First, how can I make the method getValues "private" _and_ so it only
gets evaluated once? Secondly, will the body of the distinct method be
evaluated immediately? How can I delay building the dict until the
first value is requested?

I noticed that hashing is a lot different in Python than it is in .NET
languages. .NET supports custom "equality comparers" that can override
a type's Equals and GetHashCode functions. This is nice when you can't
change the class you are hashing. That is why I am using a key
selector in my code, here. Is there a better way of overriding the
default hashing of a type without actually modifying its definition? I
figured a requesting a key was the easiest way.
 
T

Terry Reedy

I am writing a simple algorithms library that I want to work for both
Python 2.7 and 3.x. I am writing some functions like distinct, which
work with dictionaries under the hood. The problem I ran into is that
I am calling itervalues or values depending on which version of the
language I am working in. Here is the code I wrote to overcome it:

import sys
def getDictValuesFoo():
if sys.version_info< (3,):
return dict.itervalues
else:
return dict.values

One alternative is to use itervalues and have 2to3 translate for you.
 
M

Martin v. Loewis

Am 31.08.2011 03:43, schrieb Travis Parks:
I am writing a simple algorithms library that I want to work for both
Python 2.7 and 3.x. I am writing some functions like distinct, which
work with dictionaries under the hood. The problem I ran into is that
I am calling itervalues or values depending on which version of the
language I am working in. Here is the code I wrote to overcome it:

import sys
def getDictValuesFoo():
if sys.version_info < (3,):
return dict.itervalues
else:
return dict.values

getValues = getDictValuesFoo()

def distinct(iterable, keySelector = (lambda x: x)):
lookup = {}
for item in iterable:
key = keySelector(item)
if key not in lookup:
lookup[key] = item
return getValues(lookup)

I was surprised to learn that getValues CANNOT be called as if it were
a member of dict. I figured it was more efficient to determine what
getValues was once rather than every time it was needed.

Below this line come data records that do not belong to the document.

(* Let $E$ be a locally finite directed graph with no sources, $c(v) = |s^{-1}(v)|$ for $v\in E^0$, and $M_L$ the Hilbert bimodule of the Exel system $(C_0(E^\infty),\alpha,L)$. For $\mu\in E^*$ with $|\mu|\ge1$ we have, in $\mathcal{L}(M_L)$, $$\phi(\chi_{Z(\mu)}) = c(s(\mu_1))\,\Theta_{q(\chi_{Z(\mu)}),\,q(\chi_{Z(\mu_1)})} = c(s(\mu_1))\,\Theta_{q(\chi_{Z(\mu_1)}),\,q(\chi_{Z(\mu)})}.$$
   Context: A directed graph $E = (E^0,E^1,r,s)$ has range and source maps $r,s : E^1\to E^0$; it has no sources if $r^{-1}(v)\neq\emptyset$ for all $v$, and is locally finite if $r^{-1}(v)$ and $s^{-1}(v)$ are finite for all $v$. A finite path is $\mu = \mu_1\cdots\mu_n$ with $s(\mu_i) = r(\mu_{i+1})$, $|\mu|=n$; $E^*$ is the set of finite paths. $E^\infty$ is the space of infinite paths $\xi = \xi_1\xi_2\cdots$ with the product topology, with compact open cylinder sets $Z(\mu) = \{\xi : \xi_i = \mu_i,\ i\le|\mu|\}$; $\sigma$ is the shift $\xi_1\xi_2\cdots\mapsto\xi_2\xi_3\cdots$. The Exel system is $(C_0(E^\infty),\alpha,L)$ with $\alpha(f) = f\circ\sigma$ and $L(f)(\xi) = |s^{-1}(r(\xi))|^{-1}\sum_{s(e)=r(\xi)} f(e\xi)$. $M_L$ is the Hilbert $C_0(E^\infty)$-module completion of $C_0(E^\infty)$ with right action $g\cdot f = g\alpha(f)$, inner product $\langle g,h\rangle_L = L(\bar gh)$, canonical map $q$, and left action $\phi(f)q(g) = q(fg)$. For $x,y\in M_L$, $\Theta_{x,y}(z) = x\cdot\langle y,z\rangle_L$. *)

theory Defs
  imports "HOL-Analysis.Analysis"
begin

text \<open>Directed graph E = (E^0, E^1, r, s) with E^0 = UNIV :: 'v set, E^1 = UNIV :: 'e set.
  Infinite paths are functions nat => 'e with s (xi i) = r (xi (i+1)) (the paper's xi_{i+1}
  is our xi i, 0-based).\<close>

definition locally_finite_graph :: "('e \<Rightarrow> 'v) \<Rightarrow> ('e \<Rightarrow> 'v) \<Rightarrow> bool" where
  "locally_finite_graph r s \<longleftrightarrow> (\<forall>v. finite {e. r e = v} \<and> finite {e. s e = v})"

definition no_sources :: "('e \<Rightarrow> 'v) \<Rightarrow> bool" where
  "no_sources r \<longleftrightarrow> (\<forall>v. {e. r e = v} \<noteq> {})"

definition finite_path :: "('e \<Rightarrow> 'v) \<Rightarrow> ('e \<Rightarrow> 'v) \<Rightarrow> 'e list \<Rightarrow> bool" where
  "finite_path r s \<mu> \<longleftrightarrow> (\<forall>i. Suc i < length \<mu> \<longrightarrow> s (\<mu> ! i) = r (\<mu> ! Suc i))"

definition inf_paths :: "('e \<Rightarrow> 'v) \<Rightarrow> ('e \<Rightarrow> 'v) \<Rightarrow> (nat \<Rightarrow> 'e) set" where
  "inf_paths r s = {\<xi>. \<forall>i. s (\<xi> i) = r (\<xi> (Suc i))}"

definition path_topology :: "('e \<Rightarrow> 'v) \<Rightarrow> ('e \<Rightarrow> 'v) \<Rightarrow> (nat \<Rightarrow> 'e) topology" where
  "path_topology r s = subtopology (product_topology (\<lambda>_. discrete_topology (UNIV :: 'e set)) UNIV)
                                    (inf_paths r s)"

definition C0 :: "('e \<Rightarrow> 'v) \<Rightarrow> ('e \<Rightarrow> 'v) \<Rightarrow> ((nat \<Rightarrow> 'e) \<Rightarrow> complex) set" where
  "C0 r s = {g. continuous_map (path_topology r s) euclidean g \<and>
      (\<forall>\<epsilon>>0. \<exists>K. compactin (path_topology r s) K \<and>
                 (\<forall>\<xi>\<in>inf_paths r s - K. norm (g \<xi>) < \<epsilon>))}"

definition cyl :: "('e \<Rightarrow> 'v) \<Rightarrow> ('e \<Rightarrow> 'v) \<Rightarrow> 'e list \<Rightarrow> (nat \<Rightarrow> 'e) set" where
  "cyl r s \<mu> = {\<xi> \<in> inf_paths r s. \<forall>i<length \<mu>. \<xi> i = \<mu> ! i}"

definition shift :: "(nat \<Rightarrow> 'e) \<Rightarrow> (nat \<Rightarrow> 'e)" where
  "shift \<xi> = (\<lambda>n. \<xi> (Suc n))"

definition prepend :: "'e \<Rightarrow> (nat \<Rightarrow> 'e) \<Rightarrow> (nat \<Rightarrow> 'e)" where
  "prepend e \<xi> = (\<lambda>n. case n of 0 \<Rightarrow> e | Suc m \<Rightarrow> \<xi> m)"

definition cnt :: "('e \<Rightarrow> 'v) \<Rightarrow> 'v \<Rightarrow> nat" where
  "cnt s v = card {e. s e = v}"

definition alpha :: "((nat \<Rightarrow> 'e) \<Rightarrow> complex) \<Rightarrow> ((nat \<Rightarrow> 'e) \<Rightarrow> complex)" where
  "alpha f = f \<circ> shift"

text \<open>Transfer operator L; r(\<xi>) = r(\<xi>_1).\<close>
definition transferL :: "('e \<Rightarrow> 'v) \<Rightarrow> ('e \<Rightarrow> 'v) \<Rightarrow> ((nat \<Rightarrow> 'e) \<Rightarrow> complex) \<Rightarrow> ((nat \<Rightarrow> 'e) \<Rightarrow> complex)" where
  "transferL r s f = (\<lambda>\<xi>. (1 / of_nat (cnt s (r (\<xi> 0)))) *
        (\<Sum>e\<in>{e. s e = r (\<xi> 0)}. f (prepend e \<xi>)))"

text \<open>Operations on the dense subspace q(C_0(E^\<infinity>)) of M_L (q identified with the identity).\<close>
definition right_act :: "((nat \<Rightarrow> 'e) \<Rightarrow> complex) \<Rightarrow> ((nat \<Rightarrow> 'e) \<Rightarrow> complex) \<Rightarrow> ((nat \<Rightarrow> 'e) \<Rightarrow> complex)" where
  "right_act g f = (\<lambda>\<xi>. g \<xi> * alpha f \<xi>)"

definition innerL :: "('e \<Rightarrow> 'v) \<Rightarrow> ('e \<Rightarrow> 'v) \<Rightarrow> ((nat \<Rightarrow> 'e) \<Rightarrow> complex) \<Rightarrow> ((nat \<Rightarrow> 'e) \<Rightarrow> complex) \<Rightarrow> ((nat \<Rightarrow> 'e) \<Rightarrow> complex)" where
  "innerL r s g h = transferL r s (\<lambda>\<xi>. cnj (g \<xi>) * h \<xi>)"

definition left_act :: "((nat \<Rightarrow> 'e) \<Rightarrow> complex) \<Rightarrow> ((nat \<Rightarrow> 'e) \<Rightarrow> complex) \<Rightarrow> ((nat \<Rightarrow> 'e) \<Rightarrow> complex)" where
  "left_act f g = (\<lambda>\<xi>. f \<xi> * g \<xi>)"

definition Theta :: "('e \<Rightarrow> 'v) \<Rightarrow> ('e \<Rightarrow> 'v) \<Rightarrow> ((nat \<Rightarrow> 'e) \<Rightarrow> complex) \<Rightarrow> ((nat \<Rightarrow> 'e) \<Rightarrow> complex) \<Rightarrow> ((nat \<Rightarrow> 'e) \<Rightarrow> complex) \<Rightarrow> ((nat \<Rightarrow> 'e) \<Rightarrow> complex)" where
  "Theta r s x y z = right_act x (innerL r s y z)"

end

theory Submission
  imports Defs
begin

text \<open>Evaluated at the shifted path, the transfer operator averages over the edges that can
  precede the shift, and among these only the first edge of \<xi> itself reconstructs \<xi>. Hence
  for sets X, Y of paths all starting with the same edge a, the rank-one operator
  Theta(chi_X, chi_Y) is multiplication by chi_(X \<inter> Y) / c(s(a)). Taking X, Y to be
  Z(\<mu>) and Z(\<mu>_1), whose intersection is Z(\<mu>), gives the theorem.\<close>

lemma prepend_shift: "prepend (\<xi> 0) (shift \<xi>) = \<xi>"
  by (rule ext) (auto simp: prepend_def shift_def split: nat.splits)

lemma prepend_0 [simp]: "prepend e \<eta> 0 = e"
  by (simp add: prepend_def)

lemma cnt_source_nonzero:
  assumes "locally_finite_graph r s"
  shows "cnt s (s e) \<noteq> 0"
proof -
  have "finite {e'. s e' = s e}"
    using assms by (simp add: locally_finite_graph_def)
  moreover have "e \<in> {e'. s e' = s e}" by simp
  ultimately show ?thesis by (auto simp: cnt_def)
qed

lemma cnj_indicator [simp]: "cnj (indicator A x) = indicator A x"
  by (simp add: indicator_def)

lemma transferL_shift:
  assumes "\<xi> \<in> inf_paths r s"
  shows "transferL r s h (shift \<xi>)
    = (\<Sum>e\<in>{e. s e = s (\<xi> 0)}. h (prepend e (shift \<xi>))) / of_nat (cnt s (s (\<xi> 0)))"
  using assms by (simp add: transferL_def inf_paths_def shift_def)

lemma sum_prepend_indicator:
  assumes "finite {e. s e = s (\<xi> 0)}" and "Y \<subseteq> {\<eta>. \<eta> 0 = \<xi> 0}"
  shows "(\<Sum>e\<in>{e. s e = s (\<xi> 0)}. indicator Y (prepend e (shift \<xi>)) * f (prepend e (shift \<xi>)))
    = indicator Y \<xi> * (f \<xi> :: complex)"
proof -
  have "indicator Y (prepend e (shift \<xi>)) * f (prepend e (shift \<xi>))
      = (if e = \<xi> 0 then indicator Y \<xi> * f \<xi> else 0)" for e
    using assms(2) by (auto simp: prepend_shift indicator_def)
  then show ?thesis
    using assms(1) by simp
qed

lemma Theta_indicators_same_first_edge:
  assumes "locally_finite_graph r s" and "\<xi> \<in> inf_paths r s"
    and "X \<subseteq> {\<eta>. \<eta> 0 = a}" and "Y \<subseteq> {\<eta>. \<eta> 0 = a}"
  shows "Theta r s (indicator X) (indicator Y) g \<xi>
    = indicator (X \<inter> Y) \<xi> * g \<xi> / of_nat (cnt s (s a))"
proof (cases "\<xi> 0 = a")
  case True
  have "finite {e. s e = s (\<xi> 0)}"
    using assms(1) by (simp add: locally_finite_graph_def)
  then have "(\<Sum>e\<in>{e. s e = s (\<xi> 0)}. indicator Y (prepend e (shift \<xi>)) * g (prepend e (shift \<xi>)))
      = indicator Y \<xi> * g \<xi>"
    using assms(4) True by (intro sum_prepend_indicator) auto
  then have "innerL r s (indicator Y) g (shift \<xi>) = indicator Y \<xi> * g \<xi> / of_nat (cnt s (s a))"
    using assms(2) True by (simp only: innerL_def transferL_shift cnj_indicator)
  then show ?thesis
    by (simp add: Theta_def right_act_def alpha_def indicator_inter_arith)
next
  case False
  with assms(3) have "\<xi> \<notin> X" by auto
  then show ?thesis by (simp add: Theta_def right_act_def)
qed

theorem lemma5p2:
  fixes r s :: "'e \<Rightarrow> 'v" and \<mu> :: "'e list"
  assumes "locally_finite_graph r s" and "no_sources r"
    and "finite_path r s \<mu>" and "length \<mu> \<ge> 1"
  shows "\<forall>g\<in>C0 r s. \<forall>\<xi>\<in>inf_paths r s.
     left_act (indicator (cyl r s \<mu>)) g \<xi>
       = of_nat (cnt s (s (hd \<mu>))) *
         Theta r s (indicator (cyl r s \<mu>)) (indicator (cyl r s [hd \<mu>])) g \<xi>
   \<and> left_act (indicator (cyl r s \<mu>)) g \<xi>
       = of_nat (cnt s (s (hd \<mu>))) *
         Theta r s (indicator (cyl r s [hd \<mu>])) (indicator (cyl r s \<mu>)) g \<xi>"
proof (intro ballI)
  fix g and \<xi> :: "nat \<Rightarrow> 'e"
  assume \<xi>: "\<xi> \<in> inf_paths r s"
  have hd: "\<mu> ! 0 = hd \<mu>"
    using assms(4) by (cases \<mu>) auto
  have sub: "cyl r s \<mu> \<subseteq> cyl r s [hd \<mu>]"
    using assms(4) hd by (auto simp: cyl_def dest: spec[of _ 0])
  have start: "cyl r s [hd \<mu>] \<subseteq> {\<eta>. \<eta> 0 = hd \<mu>}"
    by (auto simp: cyl_def)
  have c: "cnt s (s (hd \<mu>)) \<noteq> 0"
    using assms(1) by (rule cnt_source_nonzero)
  have Theta_Z: "Theta r s (indicator X) (indicator Y) g \<xi>
      = indicator (cyl r s \<mu>) \<xi> * g \<xi> / of_nat (cnt s (s (hd \<mu>)))"
    if "{X, Y} = {cyl r s \<mu>, cyl r s [hd \<mu>]}" for X Y
    using Theta_indicators_same_first_edge[OF assms(1) \<xi>, of X "hd \<mu>" Y g] that sub start
    by (auto simp: doubleton_eq_iff Int_absorb1 Int_absorb2)
  show "left_act (indicator (cyl r s \<mu>)) g \<xi>
       = of_nat (cnt s (s (hd \<mu>))) *
         Theta r s (indicator (cyl r s \<mu>)) (indicator (cyl r s [hd \<mu>])) g \<xi>
   \<and> left_act (indicator (cyl r s \<mu>)) g \<xi>
       = of_nat (cnt s (s (hd \<mu>))) *
         Theta r s (indicator (cyl r s [hd \<mu>])) (indicator (cyl r s \<mu>)) g \<xi>"
    using c by (simp add: left_act_def Theta_Z insert_commute)
qed

end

First, how can I make the method getValues "private" _and_ so it only
gets evaluated once?

Not sure what "private" means here. Having the logic selected only once
goes like this

if sys.version_info < (3,):
def getDictValues(dict):
return dict.itervalues()
else:
def getDictValues(dict):
return dict.values()
Secondly, will the body f the distinct method be
evaluated immediately?
Yes.

How can I delay building the dict until the first value is requested?

Make it a generator:

def distinct(iterable, keySelector = (lambda x: x)):
lookup = {}
for item in iterable:
key = keySelector(item)
if key not in lookup:
lookup[key] = item
for v in getValues(lookup):
yield v

This delays *building* the dictionary until the *first* value is
requested. I.e. it completes building the dictionary before the first
value is returned.

If you also want to interleave iteration over iterable with fetching
distinct values, write it like that:

def distinct(iterable, keySelector = (lambda x: x)):
seen = {}
for item in iterable:
key = keySelector(item)
if key not in seen:
yield item
seen[key] = item
I noticed that hashing is a lot different in Python than it is in .NET
languages. .NET supports custom "equality comparers" that can override
a type's Equals and GetHashCode functions. This is nice when you can't
change the class you are hashing. That is why I am using a key
selector in my code, here. Is there a better way of overriding the
default hashing of a type without actually modifying its definition? I
figured a requesting a key was the easiest way.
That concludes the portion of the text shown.